[zobzu]

is it really just that? I don't think so. Safe harbor has always been a joke to begin with. A promise of good conducts with no checks whatsoever, that's not how humans work.

Forcing the data to be in the EU makes it much harder for the US govt to look at the data in bulk and non-obvious ways, as they now have to either backdoor remote systems or transmit data back, instead of just having their little machine in the datacenter.

Of course, EU will have their own little machine in the EU datacenter, but at least the intelligence gathering is then split (which helps protect EU companies from US companies - in case you did not notice and you're born yesterday, companies govern the world, not the government per se.)

Now to implement user-side and end to end crypto in everything regardless..

[rurban]

Have you forgot about the GHCQ and their "illegal" data exchange to overcome legal hurdles? And I wouldn't vouch for other friends of the USA who exchanges data >10% (the self-imposed german limit) en bulk. Denmark, Sweden and the Neitherlands would come to my mind. In almost every european country are huge US listening posts.

So even inside the EU there's not a safe harbor as you don't know the percentage and the filters in place, the secret interpretation of laws, and cooperation, infiltration and hacking into the main exchanges and cables.

[csirac2]

I think focusing on the intelligence aspects is a bit of a distraction.
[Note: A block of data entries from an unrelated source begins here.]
definition iso_TS_inv :: "nat \<Rightarrow> nat \<Rightarrow> nat \<Rightarrow> 'a::ring_1" where
  "iso_TS_inv n = block_mat (Suc n) (Suc (Suc n)) shift_mat_inv"

definition iso_ST :: "nat \<Rightarrow> nat \<Rightarrow> nat \<Rightarrow> 'a::ring_1" where
  "iso_ST n = block_mat (Suc n) (Suc (Suc n)) (\<lambda>l k j i. - shift_mat k l i j)"

definition iso_ST_inv :: "nat \<Rightarrow> nat \<Rightarrow> nat \<Rightarrow> 'a::ring_1" where
  "iso_ST_inv n = block_mat (Suc (Suc n)) (Suc n) (\<lambda>j i l k. - shift_mat_inv i j k l)"

lemma iso_TS_mult_inv:
  assumes "q < Suc n * Suc (Suc n)" "q' < Suc n * Suc (Suc n)"
  shows "(\<Sum>r<Suc (Suc n) * Suc n. iso_TS n q r * iso_TS_inv n r q') = (if q = q' then 1 else (0::'a::ring_1))"
proof -
  have bounds: "q div Suc (Suc n) \<le> n" "q' div Suc (Suc n) \<le> n"
    using assms by (simp_all only: div_le_of_less_mult)
  have "(\<Sum>r<Suc (Suc n) * Suc n. iso_TS n q r * iso_TS_inv n r q')
      = (if q div Suc (Suc n) = q' div Suc (Suc n) \<and> q mod Suc (Suc n) = q' mod Suc (Suc n)
         then 1 else 0)"
    unfolding iso_TS_def iso_TS_inv_def sum_block_mat_mult
    by (rule shift_mat_mult_inv) (use bounds in \<open>simp_all add: less_Suc_eq_le[symmetric]\<close>)
  then show ?thesis
    by (simp only: block_index_eq_iff)
qed

lemma iso_TS_inv_mult:
  assumes "c < Suc (Suc n) * Suc n" "c' < Suc (Suc n) * Suc n"
  shows "(\<Sum>r<Suc n * Suc (Suc n). iso_TS_inv n c r * iso_TS n r c') = (if c = c' then 1 else (0::'a::ring_1))"
proof -
  have bounds: "c div Suc n \<le> Suc n" "c' div Suc n \<le> Suc n"
    using assms by (simp_all only: div_le_of_less_mult)
  have "(\<Sum>r<Suc n * Suc (Suc n). iso_TS_inv n c r * iso_TS n r c')
      = (if c div Suc n = c' div Suc n \<and> c mod Suc n = c' mod Suc n then 1 else 0)"
    unfolding iso_TS_def iso_TS_inv_def sum_block_mat_mult
    by (rule shift_mat_inv_mult) (use bounds in \<open>simp_all add: less_Suc_eq_le[symmetric]\<close>)
  then show ?thesis
    by (simp only: block_index_eq_iff)
qed

lemma iso_ST_mult_inv:
  assumes "q < Suc (Suc n) * Suc n" "q' < Suc (Suc n) * Suc n"
  shows "(\<Sum>r<Suc n * Suc (Suc n). iso_ST n q r * iso_ST_inv n r q') = (if q = q' then 1 else (0::'a::ring_1))"
proof -
  have bounds: "q div Suc n \<le> Suc n" "q' div Suc n \<le> Suc n"
    using assms by (simp_all only: div_le_of_less_mult)
  have "(\<Sum>r<Suc n * Suc (Suc n). iso_ST n q r * iso_ST_inv n r q')
      = (\<Sum>y<Suc (Suc n). \<Sum>x<Suc n. shift_mat (q mod Suc n) (q div Suc n) y x
           * shift_mat_inv y x (q' mod Suc n) (q' div Suc n))"
    unfolding iso_ST_def iso_ST_inv_def sum_block_mat_mult minus_mult_minus by (rule sum.swap)
  also have "\<dots> = (if q mod Suc n = q' mod Suc n \<and> q div Suc n = q' div Suc n then 1 else 0)"
    by (rule shift_mat_mult_inv) (use bounds in \<open>simp_all add: less_Suc_eq_le[symmetric]\<close>)
  finally show ?thesis
    by (simp only: block_index_eq_iff conj_commute)
qed

lemma iso_ST_inv_mult:
  assumes "c < Suc n * Suc (Suc n)" "c' < Suc n * Suc (Suc n)"
  shows "(\<Sum>r<Suc (Suc n) * Suc n. iso_ST_inv n c r * iso_ST n r c') = (if c = c' then 1 else (0::'a::ring_1))"
proof -
  have bounds: "c div Suc (Suc n) \<le> n" "c' div Suc (Suc n) \<le> n"
    using assms by (simp_all only: div_le_of_less_mult)
  have "(\<Sum>r<Suc (Suc n) * Suc n. iso_ST_inv n c r * iso_ST n r c')
      = (\<Sum>y<Suc n. \<Sum>x<Suc (Suc n). shift_mat_inv (c mod Suc (Suc n)) (c div Suc (Suc n)) y x
           * shift_mat y x (c' mod Suc (Suc n)) (c' div Suc (Suc n)))"
    unfolding iso_ST_def iso_ST_inv_def sum_block_mat_mult minus_mult_minus by (rule sum.swap)
  also have "\<dots> = (if c mod Suc (Suc n) = c' mod Suc (Suc n) \<and> c div Suc (Suc n) = c' div Suc (Suc n)
      then 1 else 0)"
    by (rule shift_mat_inv_mult) (use bounds in \<open>simp_all add: less_Suc_eq_le[symmetric]\<close>)
  finally show ?thesis
    by (simp only: block_index_eq_iff conj_commute)
qed

lemma heq_TS_entry_core:
  "heq (t * gDel * gDelInv * (gA * s' + gB * s) - t' * gDel * gDelInv * (gC * s' + gD * s))
       ((t' * Sinv_gen GC + t * Sinv_gen GD) * gDel * s' - (t' * Sinv_gen GA + t * Sinv_gen GB) * gDel * s)"
proof -
  let ?E = "t * (gA * s' + gB * s) - t' * (gC * s' + gD * s)"
  have "heq (t * (gDel * gDelInv) * (gA * s' + gB * s) - t' * (gDel * gDelInv) * (gC * s' + gD * s)) ?E"
    by (intro heq_diff heq_cancel_del_delinv)
  then have lhs: "heq (t * gDel * gDelInv * (gA * s' + gB * s) - t' * gDel * gDelInv * (gC * s' + gD * s)) ?E"
    by (simp add: mult.assoc)
  have "heq ((t * gA) * (gDelInv * gDel) * s' + (t * gB) * (gDelInv * gDel) * s
             - ((t' * gC) * (gDelInv * gDel) * s' + (t' * gD) * (gDelInv * gDel) * s))
            ((t * gA) * s' + (t * gB) * s - ((t' * gC) * s' + (t' * gD) * s))"
    by (intro heq_diff heq_add heq_cancel_delinv_del)
  then have rhs: "heq ((t' * Sinv_gen GC + t * Sinv_gen GD) * gDel * s'
      - (t' * Sinv_gen GA + t * Sinv_gen GB) * gDel * s) ?E"
    by (simp add: algebra_simps)
  show ?thesis
    by (rule heq_trans[OF lhs heq_sym[OF rhs]])
qed

lemma ST_entry_core:
  "(s' * gC + s * gD) * gDelInv * (t' * gDel) - (s' * gA + s * gB) * gDelInv * (t * gDel)
   = s * ((Sinv_gen GA * t' + Sinv_gen GB * t) * gDel) - s' * ((Sinv_gen GC * t' + Sinv_gen GD * t) * gDel)"
  by (simp add: algebra_simps)

lemma iso_TS_intertwines:
  assumes q: "q < Suc (Suc n) * Suc n" and c: "c < Suc (Suc n) * Suc n"
  shows "heq (\<Sum>r<Suc (Suc n) * Suc n.
                snd (ctensor (ctensor (TnV n) cRinv) (SnV (Suc n))) q r * fconst (iso_TS n r c))
             (\<Sum>r<Suc (Suc n) * Suc n. fconst (iso_TS n q r) * snd (ctensor (TnV (Suc n)) (SnV n)) r c)"
proof -
  define k l i j where "k = q div Suc (Suc n)" and "l = q mod Suc (Suc n)"
    and "i = c div Suc n" and "j = c mod Suc n"
  have dim: "Suc (Suc n) * Suc n = Suc n * Suc (Suc n)"
    by simp
  have k: "k \<le> n"
    using q unfolding k_def dim by (rule div_le_of_less_mult)
  have i: "i \<le> Suc n"
    using c unfolding i_def by (rule div_le_of_less_mult)
  have j: "j \<le> n" and l: "l \<le> Suc n"
    by (simp_all add: j_def l_def less_Suc_eq_le[symmetric])
  let ?s = "prod_coeff (SnV_factors n j) l" and ?s' = "prod_coeff_prev (SnV_factors n j) l"
  let ?t = "prod_coeff (SnV_factors' n k) i" and ?t' = "prod_coeff_prev (SnV_factors' n k) i"
  have "(\<Sum>r<Suc (Suc n) * Suc n.
           snd (ctensor (ctensor (TnV n) cRinv) (SnV (Suc n))) q r * fconst (iso_TS n r c))
      = (\<Sum>x<Suc n. \<Sum>y<Suc (Suc n).
           (Sinv (SnV_coeff n x k) * gDel * gDelInv * SnV_coeff (Suc n) l y) * shift_mat x y i j)"
    unfolding dim ctensor_TnV_cRinv_SnV iso_TS_def block_mat_def fconst_shift_mat snd_conv k_def l_def i_def j_def
    by (rule sum_block_index)
  also have "\<dots> = Sinv (SnV_coeff n i k) * gDel * gDelInv * SnV_coeff (Suc n) l (Suc j)
      - (if i = 0 then 0 else Sinv (SnV_coeff n (i - 1) k)) * gDel * gDelInv * SnV_coeff (Suc n) l j"
    unfolding sum_mult_shift_mat using i j k by (auto simp: Sinv_SnV_coeff_eq_0)
  also have "heq \<dots> (?t * gDel * gDelInv * (gA * ?s' + gB * ?s) - ?t' * gDel * gDelInv * (gC * ?s' + gD * ?s))"
    unfolding Sinv_SnV_coeff_prev[OF k]
    unfolding Sinv_SnV_coeff_eq_prod_coeff[OF k] SnV_coeff_Suc_b_left[OF j]
    by (intro heq_diff heq_mult heq_refl SnV_coeff_Suc_d_left j)
  also have "heq \<dots> ((?t' * Sinv_gen GC + ?t * Sinv_gen GD) * gDel * ?s'
      - (?t' * Sinv_gen GA + ?t * Sinv_gen GB) * gDel * ?s)"
    by (rule heq_TS_entry_core)
  also have "heq \<dots> (Sinv (SnV_coeff (Suc n) i k) * gDel * (if l = 0 then 0 else SnV_coeff n (l - 1) j)
      - Sinv (SnV_coeff (Suc n) i (Suc k)) * gDel * SnV_coeff n l j)"
    unfolding SnV_coeff_prev[OF j]
    unfolding SnV_coeff_eq_prod_coeff[OF j] Sinv_SnV_coeff_Suc_b_right[OF k]
    by (intro heq_diff heq_mult heq_refl heq_sym[OF Sinv_SnV_coeff_Suc_d_right[OF k]])
  also have "\<dots> = (\<Sum>x<Suc (Suc n). \<Sum>y<Suc n.
      shift_mat k l x y * (Sinv (SnV_coeff (Suc n) i x) * gDel * SnV_coeff n y j))"
    unfolding sum_shift_mat_mult using k j l by (auto simp: SnV_coeff_eq_0)
  also have "\<dots> = (\<Sum>r<Suc (Suc n) * Suc n. fconst (iso_TS n q r) * snd (ctensor (TnV (Suc n)) (SnV n)) r c)"
    unfolding ctensor_TnV_SnV iso_TS_def block_mat_def fconst_shift_mat snd_conv k_def l_def i_def j_def
    by (rule sum_block_index[symmetric])
  finally show ?thesis .
qed

lemma iso_ST_intertwines:
  assumes q: "q < Suc n * Suc (Suc n)" and c: "c < Suc n * Suc (Suc n)"
  shows "heq (\<Sum>r<Suc n * Suc (Suc n).
                snd (ctensor (ctensor (SnV (Suc n)) cRinv) (TnV n)) q r * fconst (iso_ST n r c))
             (\<Sum>r<Suc n * Suc (Suc n). fconst (iso_ST n q r) * snd (ctensor (SnV n) (TnV (Suc n))) r c)"
proof -
  define l k j i where "l = q div Suc n" and "k = q mod Suc n"
    and "j = c div Suc (Suc n)" and "i = c mod Suc (Suc n)"
  have dim: "Suc n * Suc (Suc n) = Suc (Suc n) * Suc n"
    by simp
  have l: "l \<le> Suc n"
    using q unfolding l_def dim by (rule div_le_of_less_mult)
  have j: "j \<le> n"
    using c unfolding j_def by (rule div_le_of_less_mult)
  have k: "k \<le> n" and i: "i \<le> Suc n"
    by (simp_all add: k_def i_def less_Suc_eq_le[symmetric])
  let ?s = "prod_coeff (SnV_factors n j) l" and ?s' = "prod_coeff_prev (SnV_factors n j) l"
  let ?t = "prod_coeff (SnV_factors' n k) i" and ?t' = "prod_coeff_prev (SnV_factors' n k) i"
  have "(\<Sum>r<Suc n * Suc (Suc n).
           snd (ctensor (ctensor (SnV (Suc n)) cRinv) (TnV n)) q r * fconst (iso_ST n r c))
      = (\<Sum>x<Suc (Suc n). \<Sum>y<Suc n.
           (SnV_coeff (Suc n) l x * gDelInv * (Sinv (SnV_coeff n y k) * gDel)) * - shift_mat y x i j)"
    unfolding dim ctensor_SnV_cRinv_TnV iso_ST_def block_mat_def fconst_uminus fconst_shift_mat snd_conv
      l_def k_def j_def i_def
    by (rule sum_block_index)
  also have "\<dots> = (\<Sum>y<Suc n. \<Sum>x<Suc (Suc n).
      - (SnV_coeff (Suc n) l x * gDelInv * (Sinv (SnV_coeff n y k) * gDel)) * shift_mat y x i j)"
    by (subst sum.swap) (simp only: mult_minus_left mult_minus_right)
  also have "\<dots> = SnV_coeff (Suc n) l j * gDelInv * ((if i = 0 then 0 else Sinv (SnV_coeff n (i - 1) k)) * gDel)
      - SnV_coeff (Suc n) l (Suc j) * gDelInv * (Sinv (SnV_coeff n i k) * gDel)"
    unfolding sum_mult_shift_mat using i j k by (auto simp: Sinv_SnV_coeff_eq_0)
  also have "heq \<dots> ((?s' * gC + ?s * gD) * gDelInv * (?t' * gDel) - (?s' * gA + ?s * gB) * gDelInv * (?t * gDel))"
    unfolding Sinv_SnV_coeff_prev[OF k]
    unfolding Sinv_SnV_coeff_eq_prod_coeff[OF k] SnV_coeff_Suc_d_right[OF j]
    by (intro heq_diff heq_mult heq_refl SnV_coeff_Suc_b_right j)
  also have "\<dots> = ?s * ((Sinv_gen GA * ?t' + Sinv_gen GB * ?t) * gDel)
      - ?s' * ((Sinv_gen GC * ?t' + Sinv_gen GD * ?t) * gDel)"
    by (rule ST_entry_core)
  also have "heq \<dots> (SnV_coeff n l j * (Sinv (SnV_coeff (Suc n) i (Suc k)) * gDel)
      - (if l = 0 then 0 else SnV_coeff n (l - 1) j) * (Sinv (SnV_coeff (Suc n) i k) * gDel))"
    unfolding SnV_coeff_prev[OF j]
    unfolding SnV_coeff_eq_prod_coeff[OF j] Sinv_SnV_coeff_Suc_d_left[OF k]
    by (intro heq_diff heq_mult heq_refl heq_sym[OF Sinv_SnV_coeff_Suc_b_left[OF k]])
  also have "\<dots> = (\<Sum>y<Suc (Suc n). \<Sum>x<Suc n.
      shift_mat k l y x * - (SnV_coeff n x j * (Sinv (SnV_coeff (Suc n) i y) * gDel)))"
    unfolding sum_shift_mat_mult using k j l by (auto simp: SnV_coeff_eq_0)
  also have "\<dots> = (\<Sum>x<Suc n. \<Sum>y<Suc (Suc n).
      - shift_mat k l y x * (SnV_coeff n x j * (Sinv (SnV_coeff (Suc n) i y) * gDel)))"
    by (subst sum.swap) (simp only: mult_minus_left mult_minus_right)
  also have "\<dots> = (\<Sum>r<Suc n * Suc (Suc n). fconst (iso_ST n q r) * snd (ctensor (SnV n) (TnV (Suc n))) r c)"
    unfolding ctensor_SnV_TnV iso_ST_def block_mat_def fconst_uminus fconst_shift_mat snd_conv
      l_def k_def j_def i_def
    by (rule sum_block_index[symmetric])
  finally show ?thesis .
qed

lemma comod_iso_TS:
  "comod_iso (ctensor (TnV (Suc n)) (SnV n) :: 'k::ring_1 comod) (ctensor (ctensor (TnV n) cRinv) (SnV (Suc n)))"
proof -
  let ?V = "ctensor (TnV (Suc n)) (SnV n) :: 'k comod"
  let ?W = "ctensor (ctensor (TnV n) cRinv) (SnV (Suc n)) :: 'k comod"
  have "comod_iso (Suc (Suc n) * Suc n, snd ?V) (Suc (Suc n) * Suc n, snd ?W)"
  proof (rule comod_isoI[where P = "iso_TS n" and Q = "iso_TS_inv n"])
    fix i j assume "i < Suc (Suc n) * Suc n" "j < Suc (Suc n) * Suc n"
    then show "(\<Sum>l<Suc (Suc n) * Suc n. iso_TS n i l * iso_TS_inv n l j) = (if i = j then 1 else (0::'k))"
      and "(\<Sum>l<Suc (Suc n) * Suc n. iso_TS_inv n i l * iso_TS n l j) = (if i = j then 1 else (0::'k))"
      and "heq (\<Sum>l<Suc (Suc n) * Suc n. snd ?W i l * fconst (iso_TS n l j))
               (\<Sum>l<Suc (Suc n) * Suc n. fconst (iso_TS n i l) * snd ?V l j)"
      using iso_TS_mult_inv[of i n j] iso_TS_inv_mult[of i n j] iso_TS_intertwines[of i n j]
      by (simp_all only: mult.commute True_implies_equals)
  qed
  then show ?thesis
    by (simp add: ctensor_TnV_SnV ctensor_TnV_cRinv_SnV)
qed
The court in question was asked whether there was a case to be heard at all ("does this safe harbor thing really do what it says on the tin?") and the outcome as we know was "no", but not (only) due to vague undocumented (by court standards) foreign intelligence activities, but because rather simply the plain fact that unlike an EU operator, EU citizens have no legal recourse against companies in the US in the event of disputes such as the one in question.

It's this lack of legal process which means that the safe harbor agreement did not provide equivalent protections required by the charter, without even considering the spying angle.